Isn’t it wonderful to know? Why labor under delusions and keep a relationship going that you’re not sure is reciprocal? Something seems wrong? Perhaps it is. I know, that’s one of the worst things you can say to an anxious person like myself. Your worries are valid isn’t necessarily comforting. But, when it comes to relationships, it’s always better to know. Spending time with the upkeep of a relationship with someone whom you’re a bit unsure about can be a tremendous waste of time and energy. Closure can bring such clarity. But, I’m here to tell you that all closure, no matter how painful, is good.
Getting closure about something can lift a weight from your shoulders. Learning why someone did what they did or why things went the way they did is enlightening. However, seeking closure doesn’t always end in mutual agreement. It isn’t always a clean sit-down, understanding, a firm handshake, and a knowing glance. Sometimes, it ends poorly – but that in and of itself is beautiful. There is such beauty in things not going how you planned, even things that go badly. If you go seeking closure, you’ll get it, but it might not be the immediate comfort you expect.
I want to talk about what I call dark closure. Dark closure, simply put, is closure that manifests itself as a negative – at first. Basically, you either sought closure and learned that the other person or people don’t like you, or, you had an unexpected exchange that ended poorly enough to give definitive proof of a person’s character. There are people who you tolerate for years, knowing all the while that there are irreconcilable differences that, were they to come to light, would end the relationship. So, you keep them quiet, ignoring your instincts for years. But eventually, the curtain comes up and the scenery is nowhere to be found. You’re faced with the naked person, no pretenses, no crutches, just the person at their core – and at that core, there’s darkness.
Dark closure is just that: you’ve directly confirmed your suspicions about a person, and now you have the closure of knowing you don’t have to speak with that person again. Unfortunately, you were right, and now it’s over. But that’s wonderful, you’ve rid yourself of a sucking darkness you didn’t need.
I myself recently had some dark closure, which is of course what sparked me to write this. Though I’m painfully honest, there are some things I won’t tell you. I’m not trying to use my writing as a weapon against anyone, some things are private and must stay that way. I’ll tell you what I can without specifics. I was confronted, responded eloquently and succinctly, deflected some darkness, and ended with a terse goodbye. In this conversation I learned just how delusional a person can be, how when determined to do so, someone can deliberately misunderstand something to satisfy their narcissism and need for conflict. I learned just how self-centered a person could be, how someone can abandon rationality altogether. The exchange began with some veiled threats tossed at me and ended with a cruel insult meant to be dismissive of my entire person.
I chose not to engage in that way, not to be pulled into that immature and worthless darkness. I saw and see no point.

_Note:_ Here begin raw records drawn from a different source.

lemma sref_maps_Rset:
  assumes d: "d \<ge> 2" and L: "in_Lambda d r lam"
    and j: "j \<le> d" "j \<notin> breaks lam r" and i: "i \<le> r + 1"
  shows "sref d j ` Rset d r lam i \<subseteq> Rset d r lam i"
proof -
  let ?s = "sref d j"
  have last: "lsum lam r + lam (r + 1) = d" by (rule lsum_last[OF L])
  have j0: "j \<noteq> lam 0" and jr: "j \<noteq> lsum lam r"
    using j(2) breaks_def by force+
  have l0: "lam 0 \<le> lsum lam r" using lsum_mono[of 0 r lam] by simp
  from i show ?thesis
  proof (cases rule: Rset_cases[where d = d and lam = lam])
    case 1
    have "?s ` {1..int (lam 0)} \<subseteq> {- int (lam 0)..int (lam 0)}"
      using sref_on_base[of _ d j] j0 l0 last by (auto split: if_splits)
    then show ?thesis using 1 equivariant_maps_centred_interval[OF equivariant_sref] by simp
  next
    case 2
    have "j \<noteq> lsum lam i" "j \<noteq> lsum lam (i - 1)" using j(2) 2 by (auto simp: breaks_def)
    moreover have "lam 0 \<le> lsum lam (i - 1)" "lsum lam (i - 1) \<le> lsum lam i" "lsum lam i \<le> d"
      using lsum_mono[of 0 "i - 1" lam] lsum_mono[of "i - 1" i lam] lsum_mono[of i r lam] 2 last
      by auto
    ultimately show ?thesis
      using 2 sref_on_base[of _ d j] j0 by (auto split: if_splits)
  next
    case 3
    have "?s ` {int d + 1 - int (lam (r + 1))..int d}
          \<subseteq> {int d + 1 - int (lam (r + 1))..int d + 1 + int (lam (r + 1))}"
      using sref_on_base[of _ d j] j0 jr l0 last by (auto split: if_splits)
    then show ?thesis
      using 3 equivariant_maps_interval_around_mid[OF equivariant_sref] by simp
  qed
qed

definition block_stabilizer :: "nat \<Rightarrow> nat \<Rightarrow> (nat \<Rightarrow> nat) \<Rightarrow> (int \<Rightarrow> int) set" where
  "block_stabilizer d r lam = (\<Inter>i\<in>{0..r + 1}. Stab d (Rset d r lam i))"

lemma block_stabilizerD:
  assumes "g \<in> block_stabilizer d r lam" "i \<le> r + 1" "x \<in> Rset d r lam i"
  shows "g x \<in> Rset d r lam i"
proof -
  have "g \<in> Stab d (Rset d r lam i)"
    using assms(1,2) unfolding block_stabilizer_def by auto
  with assms(3) show ?thesis unfolding Stab_def by blast
qed

lemma block_stabilizer_Wgrp: "g \<in> block_stabilizer d r lam \<Longrightarrow> g \<in> Wgrp d"
  unfolding block_stabilizer_def Stab_def by auto

lemma id_in_block_stabilizer: "id \<in> block_stabilizer d r lam"
  unfolding block_stabilizer_def by (simp add: id_in_Stab)

lemma block_stabilizer_comp:
  "g \<in> block_stabilizer d r lam \<Longrightarrow> h \<in> block_stabilizer d r lam \<Longrightarrow> g \<circ> h \<in> block_stabilizer d r lam"
  unfolding block_stabilizer_def by (simp add: Stab_comp)

lemma sref_in_block_stabilizer:
  assumes "d \<ge> 2" "in_Lambda d r lam" "j \<le> d" "j \<notin> breaks lam r"
  shows "sref d j \<in> block_stabilizer d r lam"
  unfolding block_stabilizer_def
  using involution_in_StabI[OF sref_in_Wgrp sref_comp_self sref_maps_Rset] assms by auto

lemma block_stabilizer_bounded:
  assumes L: "in_Lambda d r lam" and g: "g \<in> block_stabilizer d r lam" and k: "k \<in> {1..int d}"
  shows "\<bar>g k\<bar> \<le> 2 * int d + 1"
proof -
  obtain i where i: "i \<le> r + 1" "k \<in> Rset d r lam i" using Rset_cover[OF L k] by auto
  then have "g k \<in> Rset d r lam i" using block_stabilizerD[OF g] by blast
  then have "- int d \<le> g k" "g k \<le> 2 * int d + 1" using Rset_bounded[OF L i(1)] by auto
  then show ?thesis by linarith
qed

definition weight :: "nat \<Rightarrow> nat \<Rightarrow> int \<Rightarrow> int" where
  "weight d L k = (if k \<le> int L then k else k - (int d + 1))"

definition potential :: "nat \<Rightarrow> nat \<Rightarrow> (int \<Rightarrow> int) \<Rightarrow> int" where
  "potential d L g = (\<Sum>k\<in>{1..int d}. weight d L k * g k)"

lemma potential_bounded:
  assumes "L \<le> d" and bound: "\<And>k. k \<in> {1..int d} \<Longrightarrow> \<bar>g k\<bar> \<le> M"
  shows "potential d L g \<le> int d * (int d * M)"
proof -
  have "weight d L k * g k \<le> int d * M" if k: "k \<in> {1..int d}" for k
  proof -
    have "\<bar>weight d L k\<bar> \<le> int d" using k assms(1) by (auto simp: weight_def)
    then have "\<bar>weight d L k\<bar> * \<bar>g k\<bar> \<le> int d * M"
      using bound[OF k] by (intro mult_mono) auto
    then show ?thesis by (metis abs_ge_self abs_mult order_trans)
  qed
  then have "potential d L g \<le> (\<Sum>k\<in>{1..int d}. int d * M)"
    unfolding potential_def by (rule sum_mono)
  then show ?thesis by simp
qed

lemma potential_diff_local:
  assumes "T \<subseteq> {1..int d}" "\<And>k. k \<in> {1..int d} - T \<Longrightarrow> h k = g k"
  shows "potential d L h - potential d L g = (\<Sum>k\<in>T. weight d L k * (h k - g k))"
proof -
  have "potential d L h - potential d L g = (\<Sum>k\<in>{1..int d}. weight d L k * (h k - g k))"
    unfolding potential_def by (simp add: sum_subtractf[symmetric] right_diff_distrib)
  also have "\<dots> = (\<Sum>k\<in>T. weight d L k * (h k - g k))"
    using assms by (intro sum.mono_neutral_right) auto
  finally show ?thesis .
qed

lemma potential_comp_sref_swap:
  assumes "1 \<le> j" "j < d" "j \<noteq> L"
  shows "potential d L (g \<circ> sref d j) = potential d L g + g (int j) - g (int j + 1)"
proof -
  have "potential d L (g \<circ> sref d j) - potential d L g
        = (\<Sum>k\<in>{int j, int j + 1}. weight d L k * ((g \<circ> sref d j) k - g k))"
    using assms by (intro potential_diff_local) (auto simp: sref_on_base)
  also have "\<dots> = weight d L (int j) * (g (int j + 1) - g (int j))
                  + weight d L (int j + 1) * (g (int j) - g (int j + 1))"
    using assms sref_on_base[of "int j" d j] sref_on_base[of "int j + 1" d j] by simp
  also have "weight d L (int j + 1) = weight d L (int j) + 1"
    using assms(3) by (auto simp: weight_def)
  finally show ?thesis by algebra
qed

lemma potential_comp_sref_first:
  assumes g: "equivariant d g" and "1 \<le> L" "1 \<le> d"
  shows "potential d L (g \<circ> sref d 0) = potential d L g - 2 * g 1"
proof -
  have "potential d L (g \<circ> sref d 0) - potential d L g
        = (\<Sum>k\<in>{1}. weight d L k * ((g \<circ> sref d 0) k - g k))"
    using assms by (intro potential_diff_local) (auto simp: sref_on_base)
  also have "\<dots> = - 2 * g 1"
    using assms sref_on_base[of 1 d 0] equivariant_uminus[OF g, of 1] by (simp add: weight_def)
  finally show ?thesis by simp
qed

lemma potential_comp_sref_last:
  assumes g: "equivariant d g" and "L < d"
  shows "potential d L (g \<circ> sref d d) = potential d L g + 2 * g (int d) - Dper d"
proof -
  have "potential d L (g \<circ> sref d d) - potential d L g
        = (\<Sum>k\<in>{int d}. weight d L k * ((g \<circ> sref d d) k - g k))"
    using assms by (intro potential_diff_local) (auto simp: sref_on_base)
  moreover have "sref d d (int d) = Dper d - int d"
    using assms sref_on_base[of "int d" d d] by (simp add: Dper_def)
  ultimately show ?thesis
    using assms(2) equivariant_reflect[OF g, of "int d"] by (simp add: weight_def algebra_simps)
qed

lemma increasing_fixes_interval:
  fixes f :: "int \<Rightarrow> int"
  assumes inc: "\<And>m. lo \<le> m \<Longrightarrow> m < hi \<Longrightarrow> f m < f (m + 1)"
    and ends: "lo \<le> f lo" "f hi \<le> hi" and k: "k \<in> {lo..hi}"
  shows "f k = k"
proof -
  have spread: "b - a \<le> f b - f a" if "lo \<le> a" "a \<le> b" "b \<le> hi" for a b
    using that(2,3)
  proof (induction b rule: int_ge_induct)
    case (step b)
    then show ?case using inc[of b] that(1) by fastforce
  qed simp
  show ?thesis using spread[of lo k] spread[of k hi] ends k by auto
qed

definition potential_maximal :: "nat \<Rightarrow> nat \<Rightarrow> (nat \<Rightarrow> nat) \<Rightarrow> (int \<Rightarrow> int) \<Rightarrow> bool" where
  "potential_maximal d r lam g \<longleftrightarrow> (\<forall>j. j \<le> d \<and> j \<notin> breaks lam r \<longrightarrow>
     potential d (lsum lam r) (g \<circ> sref d j) \<le> potential d (lsum lam r) g)"

lemma potential_maximal_step:
  assumes g: "g \<in> Wgrp d" and maximal: "potential_maximal d r lam g"
    and m: "1 \<le> m" "m < int d" "nat m \<notin> breaks lam r"
  shows "g m < g (m + 1)"
proof -
  have "nat m \<noteq> lsum lam r" using m(3) last_in_breaks by metis
  moreover have "potential d (lsum lam r) (g \<circ> sref d (nat m)) \<le> potential d (lsum lam r) g"
    using maximal m unfolding potential_maximal_def by auto
  ultimately have "g m \<le> g (m + 1)"
    using potential_comp_sref_swap[of "nat m" d "lsum lam r" g] m by simp
  moreover have "g m \<noteq> g (m + 1)"
    using g by (metis Wgrp_iff bij_is_inj inj_eq add_cancel_left_right one_neq_zero)
  ultimately show ?thesis by simp
qed

lemma potential_maximal_first:
  assumes d: "1 \<le> d" and g: "g \<in> Wgrp d" and maximal: "potential_maximal d r lam g"
    and l0: "lam 0 \<noteq> 0"
  shows "1 \<le> g 1"
proof -
  have eq: "equivariant d g" and inj: "inj g" using g by (auto simp: Wgrp_iff bij_is_inj)
  have "0 \<notin> breaks lam r" using breaks_bounds l0 by fastforce
  then have "potential d (lsum lam r) (g \<circ> sref d 0) \<le> potential d (lsum lam r) g"
    using maximal unfolding potential_maximal_def by auto
  moreover have "1 \<le> lsum lam r" using breaks_bounds[OF last_in_breaks[of lam r]] l0 by simp
  ultimately have "0 \<le> g 1" using potential_comp_sref_first[OF eq, of "lsum lam r"] d by simp
  moreover have "g 1 \<noteq> 0" using inj equivariant_zero[OF eq] by (metis inj_eq one_neq_zero)
  ultimately show ?thesis by simp
qed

It’s a fruitless endeavor to go on the offensive like that. I’ve never been in a physical fight, they’re perhaps the biggest waste of time. The instinct to fight is not one I have. Nor is the instinct to deliberately hurt someone or misunderstand so I could “win” an argument. I’m not one for outrage, it’s something I don’t have the energy for. And so, I found myself in an exchange with someone I had long considered a friend but always had my reservations, and then I felt it all end. I received that low personal insult, responded with a terse acknowledgment of the hurt inflicted and said goodbye. It was over, and I was glad. I was shaken for a bit after that conversation, but that shakiness soon turned into gratitude. I was thankful that the conversation ended as ugly as it did. I didn’t go there, the other person did, and in so doing proved just how dark they could be.
Don’t be afraid of these conversations, don’t be afraid of dark closure. What eventually happens is you learn exactly the kind of person you’ve been dealing with, and then you have the relief of knowing it’s over, that you don’t need to carry on. In my case, someone exposed their darkness to me without my having to ask. I was blindsided, but then relieved. It was over, that dark chapter was over. It feels good to know what’s in someone’s heart, to see that it’s not all good intentions like they project. We all have darkness, but when someone’s darkness turns outward, it’s fine to be done with it all. It’s fine to learn what someone is and reject it. Dark closure, although sad at first, is actually a great relief. You’ve eliminated something malignant from your world, isn’t that wonderful?